The Swedish Academy said it honored the 74-year-old author "for his cartography of structures of power and his trenchant images of the individual's resistance, revolt and defeat."
Vargas Llosa has written more than 30 novels, plays and essays, including "Conversation in the Cathedral" and "The Green House." In 1995, he was awarded the Cervantes Prize, the Spanish-speaking world's most distinguished literary honor.
His international breakthrough came with the 1960s novel "The Time of The Hero," which builds on his experiences from the Peruvian military academy Leoncio Prado. The book was considered controversial in his homeland and a thousand copies were burnt publicly by officers from the academy.
Vargas Llosa is the first South American winner of the prestigious $1.5 million Nobel Prize in literature since it was awarded to Colombian writer Gabriel Garcia Marquez in 1982.
In the previous six years, the academy rewarded five Europeans and one Turk, sparking criticism that it was too euro-centric.
Born in Arequipa, Peru, Vargas Llosa grew up with his grandparents in Bolivia after his parents divorced, the academy said. The family moved back to Peru in 1946 and he later went to military school before studying literature and law in Lima and Madrid.

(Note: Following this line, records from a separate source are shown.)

(* Let $S$ be an abundant semigroup with an adequate transversal $S^0$. Then for all $x\in S^0$, $a\in\Lambda$ and $b\in I$: $a\,\mathcal{R}\,x^\ast$ if and only if $\overline{a}=x^\ast$, and $b\,\mathcal{L}\,x^+$ if and only if $\overline{b}=x^+$.
   Context: For a semigroup $S$, $S^1$ is $S$ with an identity adjoined, $\mathcal{L},\mathcal{R}$ Green's relations of $S$. $\mathcal{R}^\ast=\{(a,b):\forall x,y\in S^1,\ xa=ya\iff xb=yb\}$, $\mathcal{L}^\ast=\{(a,b):\forall x,y\in S^1,\ ax=ay\iff bx=by\}$. $S$ is abundant if each $\mathcal{R}^\ast$- and $\mathcal{L}^\ast$-class contains an idempotent; adequate if also idempotents commute (then $a^+$, $a^\ast$ are the unique idempotents $\mathcal{R}^\ast$-, resp. $\mathcal{L}^\ast$-related to $a$). An abundant subsemigroup $U$ of abundant $S$ is a $\ast$-subsemigroup if $\mathcal{L}^\ast(U)=\mathcal{L}^\ast(S)\cap(U\times U)$, $\mathcal{R}^\ast(U)=\mathcal{R}^\ast(S)\cap(U\times U)$. An adequate $\ast$-subsemigroup $S^0$ of abundant $S$ is an adequate transversal if each $x\in S$ has a unique $\overline{x}\in S^0$ and idempotents $e,f$ of $S$ (then unique, written $e_x,f_x$) with $x=e\overline{x}f$, $e\,\mathcal{L}\,\overline{x}^+$, $f\,\mathcal{R}\,\overline{x}^\ast$. $I=\{e_x:x\in S\}$, $\Lambda=\{f_x:x\in S\}$. *)

theory Defs
  imports Main
begin

text \<open>The semigroup S is the whole type 'a (class semigroup_mult). Elements of S^1
  are modelled as 'a option, None being the adjoined identity. Relations that
  depend on a subsemigroup U are relativised to a carrier set U.\<close>

fun lmult1 :: "'a option \<Rightarrow> 'a \<Rightarrow> 'a::semigroup_mult" where
  "lmult1 None a = a"
| "lmult1 (Some x) a = x * a"

fun rmult1 :: "'a::semigroup_mult \<Rightarrow> 'a option \<Rightarrow> 'a" where
  "rmult1 a None = a"
| "rmult1 a (Some x) = a * x"

definition one_ext :: "'a set \<Rightarrow> 'a option set" where
  "one_ext U = insert None (Some ` U)"

definition idem :: "'a::semigroup_mult \<Rightarrow> bool" where
  "idem e \<longleftrightarrow> e * e = e"

text \<open>Green's relations of S (S = UNIV): a S^1 = b S^1, resp. S^1 a = S^1 b.\<close>
definition greenR :: "'a::semigroup_mult \<Rightarrow> 'a \<Rightarrow> bool" where
  "greenR a b \<longleftrightarrow> range (rmult1 a) = range (rmult1 b)"

definition greenL :: "'a::semigroup_mult \<Rightarrow> 'a \<Rightarrow> bool" where
  "greenL a b \<longleftrightarrow> range (\<lambda>x. lmult1 x a) = range (\<lambda>x. lmult1 x b)"

definition Rstar :: "'a set \<Rightarrow> 'a::semigroup_mult \<Rightarrow> 'a \<Rightarrow> bool" where
  "Rstar U a b \<longleftrightarrow> a \<in> U \<and> b \<in> U \<and>
     (\<forall>x\<in>one_ext U. \<forall>y\<in>one_ext U. lmult1 x a = lmult1 y a \<longleftrightarrow> lmult1 x b = lmult1 y b)"

definition Lstar :: "'a set \<Rightarrow> 'a::semigroup_mult \<Rightarrow> 'a \<Rightarrow> bool" where
  "Lstar U a b \<longleftrightarrow> a \<in> U \<and> b \<in> U \<and>
     (\<forall>x\<in>one_ext U. \<forall>y\<in>one_ext U. rmult1 a x = rmult1 a y \<longleftrightarrow> rmult1 b x = rmult1 b y)"

definition subsemigroup :: "'a::semigroup_mult set \<Rightarrow> bool" where
  "subsemigroup U \<longleftrightarrow> (\<forall>a\<in>U. \<forall>b\<in>U. a * b \<in> U)"

definition abundant :: "'a::semigroup_mult set \<Rightarrow> bool" where
  "abundant U \<longleftrightarrow> subsemigroup U \<and>
     (\<forall>a\<in>U. (\<exists>e\<in>U. idem e \<and> Rstar U a e) \<and> (\<exists>f\<in>U. idem f \<and> Lstar U a f))"

definition adequate :: "'a::semigroup_mult set \<Rightarrow> bool" where
  "adequate U \<longleftrightarrow> abundant U \<and>
     (\<forall>e\<in>U. \<forall>f\<in>U. idem e \<longrightarrow> idem f \<longrightarrow> e * f = f * e)"

definition plus :: "'a set \<Rightarrow> 'a::semigroup_mult \<Rightarrow> 'a" where
  "plus U a = (THE e. e \<in> U \<and> idem e \<and> Rstar U a e)"

definition star :: "'a set \<Rightarrow> 'a::semigroup_mult \<Rightarrow> 'a" where
  "star U a = (THE f. f \<in> U \<and> idem f \<and> Lstar U a f)"

definition star_subsemigroup :: "'a::semigroup_mult set \<Rightarrow> bool" where
  "star_subsemigroup U \<longleftrightarrow> abundant U \<and>
     (\<forall>a\<in>U. \<forall>b\<in>U. (Lstar U a b \<longleftrightarrow> Lstar UNIV a b) \<and> (Rstar U a b \<longleftrightarrow> Rstar UNIV a b))"

definition decomp :: "'a::semigroup_mult set \<Rightarrow> 'a \<Rightarrow> 'a \<times> 'a \<times> 'a \<Rightarrow> bool" where
  "decomp S0 x t \<longleftrightarrow> (case t of (xb, e, f) \<Rightarrow>
     xb \<in> S0 \<and> idem e \<and> idem f \<and> x = e * xb * f \<and>
     greenL e (plus S0 xb) \<and> greenR f (star S0 xb))"

definition adequate_transversal :: "'a::semigroup_mult set \<Rightarrow> bool" where
  "adequate_transversal S0 \<longleftrightarrow> adequate S0 \<and> star_subsemigroup S0 \<and>
     (\<forall>x. \<exists>!t. decomp S0 x t)"

definition bar :: "'a::semigroup_mult set \<Rightarrow> 'a \<Rightarrow> 'a" where
  "bar S0 x = fst (THE t. decomp S0 x t)"

definition e_of :: "'a::semigroup_mult set \<Rightarrow> 'a \<Rightarrow> 'a" where
  "e_of S0 x = fst (snd (THE t. decomp S0 x t))"

definition f_of :: "'a::semigroup_mult set \<Rightarrow> 'a \<Rightarrow> 'a" where
  "f_of S0 x = snd (snd (THE t. decomp S0 x t))"

definition Iset :: "'a::semigroup_mult set \<Rightarrow> 'a set" where
  "Iset S0 = range (e_of S0)"

definition Lambda :: "'a::semigroup_mult set \<Rightarrow> 'a set" where
  "Lambda S0 = range (f_of S0)"

end

theory Submission
  imports Defs
begin

text \<open>An element a of \<Lambda> is f_y for some y, so it is an idempotent R-related to
  g = (bar y)*, and a = g \<cdot> g \<cdot> a is itself a decomposition of a with transversal part g;
  by uniqueness bar a = g. Hence a R x* iff g R x*, and two commuting R-related
  idempotents coincide. The statement for I is the left-right dual.\<close>

lemma adequate_idem_commute:
  "adequate S0 \<Longrightarrow> e \<in> S0 \<Longrightarrow> f \<in> S0 \<Longrightarrow> idem e \<Longrightarrow> idem f \<Longrightarrow> e * f = f * e"
  unfolding adequate_def by blast

lemma greenR_idem_absorb: "greenR e g \<Longrightarrow> idem e \<Longrightarrow> e * g = g"
proof -
  assume R: "greenR e g" and e: "idem e"
  have "g \<in> range (rmult1 e)" using R unfolding greenR_def by (metis rangeI rmult1.simps(1))
  then obtain u where "g = rmult1 e u" by blast
  with e show ?thesis unfolding idem_def by (cases u) (auto simp: mult.assoc[symmetric])
qed

lemma greenL_idem_absorb: "greenL e g \<Longrightarrow> idem e \<Longrightarrow> g * e = g"
proof -
  assume L: "greenL e g" and e: "idem e"
  have "g \<in> range (\<lambda>u. lmult1 u e)" using L unfolding greenL_def by (metis rangeI lmult1.simps(1))
  then obtain u where "g = lmult1 u e" by blast
  with e show ?thesis unfolding idem_def by (cases u) (auto simp: mult.assoc)
qed

lemma greenR_commuting_idems_eq:
  assumes "greenR e f" "idem e" "idem f" "e * f = f * e"
  shows "e = f"
proof -
  have "greenR f e" using assms(1) unfolding greenR_def by simp
  then show ?thesis using assms greenR_idem_absorb by metis
qed

lemma greenL_commuting_idems_eq:
  assumes "greenL e f" "idem e" "idem f" "e * f = f * e"
  shows "e = f"
proof -
  have "greenL f e" using assms(1) unfolding greenL_def by simp
  then show ?thesis using assms greenL_idem_absorb by metis
qed

lemma Lstar_idem_unique:
  assumes "adequate S0" "f \<in> S0" "f' \<in> S0" "idem f" "idem f'" "Lstar S0 x f" "Lstar S0 x f'"
  shows "f = f'"
proof -
  have L: "\<And>u v. u \<in> one_ext S0 \<Longrightarrow> v \<in> one_ext S0 \<Longrightarrow>
      rmult1 f u = rmult1 f v \<longleftrightarrow> rmult1 f' u = rmult1 f' v"
    using assms(6,7) unfolding Lstar_def by blast
  have S1: "Some f' \<in> one_ext S0" "Some f \<in> one_ext S0" "None \<in> one_ext S0"
    using assms(2,3) unfolding one_ext_def by auto
  have "f * f' = f" using L[OF S1(1) S1(3)] assms(5) unfolding idem_def by simp
  moreover have "f' * f = f'" using L[OF S1(2) S1(3)] assms(4) unfolding idem_def by simp
  ultimately show ?thesis using adequate_idem_commute[OF assms(1-5)] by simp
qed

lemma Rstar_idem_unique:
  assumes "adequate S0" "e \<in> S0" "e' \<in> S0" "idem e" "idem e'" "Rstar S0 x e" "Rstar S0 x e'"
  shows "e = e'"
proof -
  have R: "\<And>u v. u \<in> one_ext S0 \<Longrightarrow> v \<in> one_ext S0 \<Longrightarrow>
      lmult1 u e = lmult1 v e \<longleftrightarrow> lmult1 u e' = lmult1 v e'"
    using assms(6,7) unfolding Rstar_def by blast
  have S1: "Some e' \<in> one_ext S0" "Some e \<in> one_ext S0" "None \<in> one_ext S0"
    using assms(2,3) unfolding one_ext_def by auto
  have "e' * e = e" using R[OF S1(1) S1(3)] assms(5) unfolding idem_def by simp
  moreover have "e * e' = e'" using R[OF S1(2) S1(3)] assms(4) unfolding idem_def by simp
  ultimately show ?thesis using adequate_idem_commute[OF assms(1-5)] by simp
qed

lemma star_in_idem_Lstar:
  assumes "adequate S0" "x \<in> S0"
  shows "star S0 x \<in> S0 \<and> idem (star S0 x) \<and> Lstar S0 x (star S0 x)"
proof -
  have "\<exists>f\<in>S0. idem f \<and> Lstar S0 x f" using assms unfolding adequate_def abundant_def by blast
  then have "\<exists>!f. f \<in> S0 \<and> idem f \<and> Lstar S0 x f" using Lstar_idem_unique[OF assms(1)] by blast
  from theI'[OF this] show ?thesis unfolding star_def by blast
qed

lemma plus_in_idem_Rstar:
  assumes "adequate S0" "x \<in> S0"
  shows "plus S0 x \<in> S0 \<and> idem (plus S0 x) \<and> Rstar S0 x (plus S0 x)"
proof -
  have "\<exists>e\<in>S0. idem e \<and> Rstar S0 x e" using assms unfolding adequate_def abundant_def by blast
  then have "\<exists>!e. e \<in> S0 \<and> idem e \<and> Rstar S0 x e" using Rstar_idem_unique[OF assms(1)] by blast
  from theI'[OF this] show ?thesis unfolding plus_def by blast
qed

lemma star_idem:
  assumes "adequate S0" "g \<in> S0" "idem g"
  shows "star S0 g = g"
proof -
  have "Lstar S0 g g" using assms(2) unfolding Lstar_def by blast
  then show ?thesis using star_in_idem_Lstar[OF assms(1,2)] Lstar_idem_unique[OF assms(1)] assms by blast
qed

lemma plus_idem:
  assumes "adequate S0" "g \<in> S0" "idem g"
  shows "plus S0 g = g"
proof -
  have "Rstar S0 g g" using assms(2) unfolding Rstar_def by blast
  then show ?thesis using plus_in_idem_Rstar[OF assms(1,2)] Rstar_idem_unique[OF assms(1)] assms by blast
qed

lemma decomp_bar:
  assumes "adequate_transversal S0"
  shows "decomp S0 y (bar S0 y, e_of S0 y, f_of S0 y)"
proof -
  have "\<exists>!t. decomp S0 y t" using assms unfolding adequate_transversal_def by blast
  from theI'[OF this] show ?thesis unfolding bar_def e_of_def f_of_def by simp
qed

lemma bar_eq_if_decomp:
  assumes "adequate_transversal S0" "decomp S0 y (yb, e, f)"
  shows "bar S0 y = yb"
proof -
  have "\<exists>!t. decomp S0 y t" using assms(1) unfolding adequate_transversal_def by blast
  then have "(THE t. decomp S0 y t) = (yb, e, f)" using assms(2) by (rule the1_equality)
  then show ?thesis unfolding bar_def by simp
qed

lemma Lambda_bar:
  assumes T: "adequate_transversal S0" and a: "a \<in> Lambda S0"
  shows "bar S0 a \<in> S0 \<and> idem (bar S0 a) \<and> greenR a (bar S0 a)"
proof -
  have ad: "adequate S0" using T unfolding adequate_transversal_def by blast
  obtain y where a_def: "a = f_of S0 y" using a unfolding Lambda_def by blast
  define g where "g = star S0 (bar S0 y)"
  have yb: "bar S0 y \<in> S0" and a_idem: "idem a" and aR: "greenR a g"
    using decomp_bar[OF T, of y] unfolding decomp_def g_def a_def by auto
  have g: "g \<in> S0" "idem g" using star_in_idem_Lstar[OF ad yb] unfolding g_def by auto
  have "greenR g a" using aR unfolding greenR_def by simp
  then have "g * a = a" using greenR_idem_absorb g(2) by blast
  then have "decomp S0 a (g, g, a)"
    unfolding decomp_def using g a_idem aR star_idem[OF ad g] plus_idem[OF ad g]
    by (auto simp: greenL_def idem_def mult.assoc)
  then have "bar S0 a = g" by (rule bar_eq_if_decomp[OF T])
  then show ?thesis using g aR by simp
qed

lemma Iset_bar:
  assumes T: "adequate_transversal S0" and b: "b \<in> Iset S0"
  shows "bar S0 b \<in> S0 \<and> idem (bar S0 b) \<and> greenL b (bar S0 b)"
proof -
  have ad: "adequate S0" using T unfolding adequate_transversal_def by blast
  obtain y where b_def: "b = e_of S0 y" using b unfolding Iset_def by blast
  define g where "g = plus S0 (bar S0 y)"
  have yb: "bar S0 y \<in> S0" and b_idem: "idem b" and bL: "greenL b g"
    using decomp_bar[OF T, of y] unfolding decomp_def g_def b_def by auto
  have g: "g \<in> S0" "idem g" using plus_in_idem_Rstar[OF ad yb] unfolding g_def by auto
  have "greenL g b" using bL unfolding greenL_def by simp
  then have "b * g = b" using greenL_idem_absorb g(2) by blast
  then have "decomp S0 b (g, b, g)"
    unfolding decomp_def using g b_idem bL star_idem[OF ad g] plus_idem[OF ad g]
    by (auto simp: greenR_def idem_def mult.assoc)
  then have "bar S0 b = g" by (rule bar_eq_if_decomp[OF T])
  then show ?thesis using g bL by simp
qed

lemma greenR_idem_iff_eq:
  assumes "adequate S0" "g \<in> S0" "h \<in> S0" "idem g" "idem h" "greenR a g"
  shows "greenR a h \<longleftrightarrow> g = h"
proof
  assume "greenR a h"
  then have "greenR g h" using assms(6) unfolding greenR_def by simp
  then show "g = h" using greenR_commuting_idems_eq adequate_idem_commute assms(1-5) by metis
qed (use assms(6) in simp)

lemma greenL_idem_iff_eq:
  assumes "adequate S0" "g \<in> S0" "h \<in> S0" "idem g" "idem h" "greenL b g"
  shows "greenL b h \<longleftrightarrow> g = h"
proof
  assume "greenL b h"
  then have "greenL g h" using assms(6) unfolding greenL_def by simp
  then show "g = h" using greenL_commuting_idems_eq adequate_idem_commute assms(1-5) by metis
qed (use assms(6) in simp)

theorem lemma2p15:
  fixes S0 :: "'a::semigroup_mult set"
  assumes "abundant (UNIV :: 'a set)"
    and "adequate_transversal S0"
    and "x \<in> S0" and "a \<in> Lambda S0" and "b \<in> Iset S0"
  shows "(greenR a (star S0 x) \<longleftrightarrow> bar S0 a = star S0 x)
       \<and> (greenL b (plus S0 x) \<longleftrightarrow> bar S0 b = plus S0 x)"
proof -
  have ad: "adequate S0" using assms(2) unfolding adequate_transversal_def by blast
  have "greenR a (star S0 x) \<longleftrightarrow> bar S0 a = star S0 x"
    using greenR_idem_iff_eq[OF ad] Lambda_bar[OF assms(2,4)] star_in_idem_Lstar[OF ad assms(3)]
    by blast
  moreover have "greenL b (plus S0 x) \<longleftrightarrow> bar S0 b = plus S0 x"
    using greenL_idem_iff_eq[OF ad] Iset_bar[OF assms(2,5)] plus_in_idem_Rstar[OF ad assms(3)]
    by blast
  ultimately show ?thesis ..
qed

end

In 1959, he moved to Paris where he worked as a language teacher and as a journalist for Agence France-Presse and the national television service of France.
He has lectured and taught at a number of universities in the U.S., South America and Europe. He is teaching this semester at Princeton University in Princeton, N.J.
In 1990, he ran for the presidency but lost the election to Alberto Fujimori. In 1994 he was elected to the Spanish Academy, where he took his seat in 1996.